A machine code snippet is a sequence of instructions in executable memory that captures the devirtualized and compactified logic of multiple nodes. Snippets are generated during the program compile time-so while the interpreter prepares the program interpretation-based on the nodes of the corresponding blocks. Each snippet is characterized by the start and end address of the continuous memory sequence in which its instructions are located.
Since snippets are created at runtime, memory on the heap is dynamically requested to store the machine code instructions. The memory should be set to executable instead of writable after writing the instructions so that the contained bytes can be interpreted as instructions instead of data.
A memory page is the smallest memory unit that can be set to executable. However, the amount of bytes needed to translate the nodes has yet to be determined. Accordingly, it is also unknown how many pages are needed. Therefore, it may not be possible to pre-allocate memory.
Instead, a memory page is requested initially. The first instructions are written into this page. A new memory page is requested on the heap if the page is full. FIG. 13 illustrates this mechanism. In particular, FIG. 13 illustrates instructions 1304 a-1304 i stored on pages 1310, 1320, 1330. Instruction 1304 i is too large to store on the page 1320, and so overflows the page and is also stored on page 1330. In this way, memory waste is minimized by requesting only the required memory pages.
However, that leads to the effect that related snippet instructions can be distributed on non-consecutive memory pages. However, the instructions should be sequential in order to be executed one after the other.
To solve this, the snippet manager, which takes care of the memory management and writing into snippets, keeps a global counter for the total written bytes. The counter is not reset after allocating and writing to a new page. A snippet stores the state of the counter before the first instruction is written and after the last instruction is written to mark its start and end bytes.

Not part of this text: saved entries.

(* Let $\rho_{AB}$ be a state on $A\otimes B$ with $A$ a qubit ($\dim A=2$) and $B$ finite-dimensional. Then $$Q^A_{\mathcal N}(\rho_{AB})=\min_{\{|a_0\rangle,|a_1\rangle\}}\frac12\big\|\rho_{AB}-\Pi_{\{|a_k\rangle\}}[\rho_{AB}]\big\|_1,$$ where the minimum is over orthonormal bases $\{|a_0\rangle,|a_1\rangle\}$ of $A$ and $\Pi_{\{|a_k\rangle\}}[X]=\sum_{k=0}^1(|a_k\rangle\langle a_k|\otimes\mathbb I_B)X(|a_k\rangle\langle a_k|\otimes\mathbb I_B)$ is the complete projective measurement (dephasing) on $A$ in that basis.
   Context: $\|\cdot\|_1$ is the trace norm. The negativity of a bipartite state $\tau_{X:Y}$ is $\mathcal N_{X:Y}(\tau)=(\|\tau^\Gamma\|_1-1)/2$ with $\tau^\Gamma$ the partial transpose on one party. For $A$ of dimension $m$ and an orthonormal basis $\{|a_k\rangle\}$ of $A$, the measurement interaction is the isometry $V:A\to A\otimes A'$ ($A'$ $m$-dimensional with computational basis $\{|k\rangle\}$), $V|a_k\rangle=|a_k\rangle|k\rangle$. The one-sided negativity of quantumness is $Q^A_{\mathcal N}(\rho_{AB})=\min\mathcal N_{AB:A'}\big((V\otimes\mathbb I_B)\rho_{AB}(V\otimes\mathbb I_B)^\dagger\big)$ over all orthonormal bases of $A$. *)

theory Defs
  imports "Jordan_Normal_Form.Schur_Decomposition" "Jordan_Normal_Form.Char_Poly"
begin
lemma sum_ginv_pd: "x \<in> U \<Longrightarrow> (\<Sum>k\<in>UNIV. ginv g x k p * pd k h x) = grad g h x p"
  unfolding grad_def by (simp add: ginv_sym[of x p] mult.commute)

lemma gval_grad:
  assumes x: "x \<in> U"
  shows "gval g x (grad g h x) (grad g h x) = (\<Sum>j\<in>UNIV. pd j h x * grad g h x j)"
proof -
  have "gval g x (grad g h x) (grad g h x) = (\<Sum>i\<in>UNIV. grad g h x i * (\<Sum>j\<in>UNIV. g x $ i $ j * grad g h x j))"
    unfolding gval_def by (simp add: sum_distrib_left algebra_simps)
  also have "\<dots> = (\<Sum>i\<in>UNIV. grad g h x i * pd i h x)" by (simp only: metric_grad[OF x])
  finally show ?thesis by (simp add: mult.commute)
qed

lemma gval_grad_ginv:
  "x \<in> U \<Longrightarrow> gval g x (grad g h x) (grad g h x) = (\<Sum>k\<in>UNIV. \<Sum>l\<in>UNIV. ginv g x k l * pd k h x * pd l h x)"
  unfolding gval_grad grad_def by (simp add: sum_distrib_left ac_simps)

lemma pd_gval_grad:
  assumes h: "smooth_on U h" and x: "x \<in> U"
  shows "pd a (\<lambda>y. gval g y (grad g h y) (grad g h y)) x
     = 2 * (\<Sum>b\<in>UNIV. pd a (pd b h) x * grad g h x b)
       - (\<Sum>p\<in>UNIV. \<Sum>q\<in>UNIV. pd a (\<lambda>y. g y $ p $ q) x * grad g h x p * grad g h x q)"
proof -
  have "pd a (\<lambda>y. gval g y (grad g h y) (grad g h y)) x
      = pd a (\<lambda>y. \<Sum>k\<in>UNIV. \<Sum>l\<in>UNIV. ginv g y k l * pd k h y * pd l h y) x"
    by (rule pd_cong_open[OF open_U x]) (simp add: gval_grad_ginv)
  also have "\<dots> = (\<Sum>k\<in>UNIV. \<Sum>l\<in>UNIV. pd a (\<lambda>y. ginv g y k l) x * pd k h x * pd l h x)
      + (\<Sum>k\<in>UNIV. \<Sum>l\<in>UNIV. ginv g x k l * pd a (pd k h) x * pd l h x)
      + (\<Sum>k\<in>UNIV. \<Sum>l\<in>UNIV. ginv g x k l * pd k h x * pd a (pd l h) x)"
    by (simp add: pd_sum pd_mult pd_differentiable_sum pd_differentiable_mult pd_differentiable_ginv
        pd_differentiable_if_smooth smooth_on_pd h x sum.distrib algebra_simps)
  also have "(\<Sum>k\<in>UNIV. \<Sum>l\<in>UNIV. pd a (\<lambda>y. ginv g y k l) x * pd k h x * pd l h x)
      = - (\<Sum>p\<in>UNIV. \<Sum>q\<in>UNIV. pd a (\<lambda>y. g y $ p $ q) x * grad g h x p * grad g h x q)"
    by (simp add: pd_ginv[OF x] sum_negf sum_sandwich sum_ginv_pd[OF x] sum_ginv_pd[OF x, symmetric]
        ginv_sym[OF x] del: sum_ginv_pd)
  also have "(\<Sum>k\<in>UNIV. \<Sum>l\<in>UNIV. ginv g x k l * pd a (pd k h) x * pd l h x)
      = (\<Sum>b\<in>UNIV. pd a (pd b h) x * grad g h x b)"
    unfolding grad_def by (simp add: sum_distrib_left ac_simps)
  also have "(\<Sum>k\<in>UNIV. \<Sum>l\<in>UNIV. ginv g x k l * pd k h x * pd a (pd l h) x)
      = (\<Sum>b\<in>UNIV. pd a (pd b h) x * grad g h x b)"
  proof -
    have "(\<Sum>k\<in>UNIV. \<Sum>l\<in>UNIV. ginv g x k l * pd k h x * pd a (pd l h) x)
        = (\<Sum>l\<in>UNIV. (\<Sum>k\<in>UNIV. ginv g x k l * pd k h x) * pd a (pd l h) x)"
      by (subst sum.swap) (simp add: sum_distrib_right)
    also have "\<dots> = (\<Sum>l\<in>UNIV. grad g h x l * pd a (pd l h) x)" by (simp only: sum_ginv_pd[OF x])
    finally show ?thesis by (simp add: mult.commute)
  qed
  finally show ?thesis by simp
qed

lemma Hes_grad:
  assumes x: "x \<in> U"
  shows "(\<Sum>b\<in>UNIV. Hes g h x a b * grad g h x b) = (\<Sum>b\<in>UNIV. pd a (pd b h) x * grad g h x b)
     - 1/2 * (\<Sum>p\<in>UNIV. \<Sum>q\<in>UNIV. pd a (\<lambda>y. g y $ p $ q) x * grad g h x p * grad g h x q)"
proof -
  define N where "N = grad g h x"
  define dg where "dg c p q = pd c (\<lambda>y. g y $ p $ q) x" for c p q
  have Gam_pd: "(\<Sum>k\<in>UNIV. Gam g x k a b * pd k h x) = (\<Sum>m\<in>UNIV. 1/2 * (dg a b m + dg b a m - dg m a b) * N m)" for b
  proof -
    have "(\<Sum>k\<in>UNIV. Gam g x k a b * pd k h x) = (\<Sum>k\<in>UNIV. Gam g x k a b * (\<Sum>m\<in>UNIV. g x $ k $ m * N m))"
      by (simp add: metric_grad[OF x] N_def)
    also have "\<dots> = (\<Sum>m\<in>UNIV. Gam_first_kind g x m a b * N m)"
      by (simp add: sum_contract sum_Gam_metric[OF x])
    finally show ?thesis by (simp add: Gam_first_kind_eq[OF x] dg_def)
  qed
  have cancel: "(\<Sum>b\<in>UNIV. \<Sum>m\<in>UNIV. dg b a m * N m * N b) = (\<Sum>b\<in>UNIV. \<Sum>m\<in>UNIV. dg m a b * N m * N b)"
    by (subst (2) sum.swap) (simp add: dg_def pd_metric_sym[OF x, of _ a] ac_simps)
  have "(\<Sum>b\<in>UNIV. Hes g h x a b * N b)
      = (\<Sum>b\<in>UNIV. pd a (pd b h) x * N b) - (\<Sum>b\<in>UNIV. \<Sum>m\<in>UNIV. 1/2 * (dg a b m + dg b a m - dg m a b) * N m * N b)"
    unfolding Hes_def by (simp add: Gam_pd left_diff_distrib sum_subtractf sum_distrib_right)
  also have "(\<Sum>b\<in>UNIV. \<Sum>m\<in>UNIV. 1/2 * (dg a b m + dg b a m - dg m a b) * N m * N b)
      = 1/2 * (\<Sum>b\<in>UNIV. \<Sum>m\<in>UNIV. dg a b m * N m * N b) + 1/2 * (\<Sum>b\<in>UNIV. \<Sum>m\<in>UNIV. dg b a m * N m * N b)
        - 1/2 * (\<Sum>b\<in>UNIV. \<Sum>m\<in>UNIV. dg m a b * N m * N b)"
    by (simp add: sum_distrib_left sum_distrib_right sum.distrib sum_subtractf algebra_simps)
  finally have "(\<Sum>b\<in>UNIV. Hes g h x a b * N b)
      = (\<Sum>b\<in>UNIV. pd a (pd b h) x * N b) - 1/2 * (\<Sum>b\<in>UNIV. \<Sum>m\<in>UNIV. dg a b m * N m * N b)"
    using cancel by linarith
  then show ?thesis unfolding N_def dg_def by (simp add: ac_simps)
qed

After all instructions have been written, the total memory consumption is known. Then, a global memory block is created for all snippets, which is as large as all temporary pages combined, as shown in FIG. 14 .
After allocating the large block, all temporary blocks are copied in the correct order. That makes all snippets sequential again. The start and end markers of a snippet now serve as an offset from the start address of the large block to calculate the final start and end addresses of that snippet.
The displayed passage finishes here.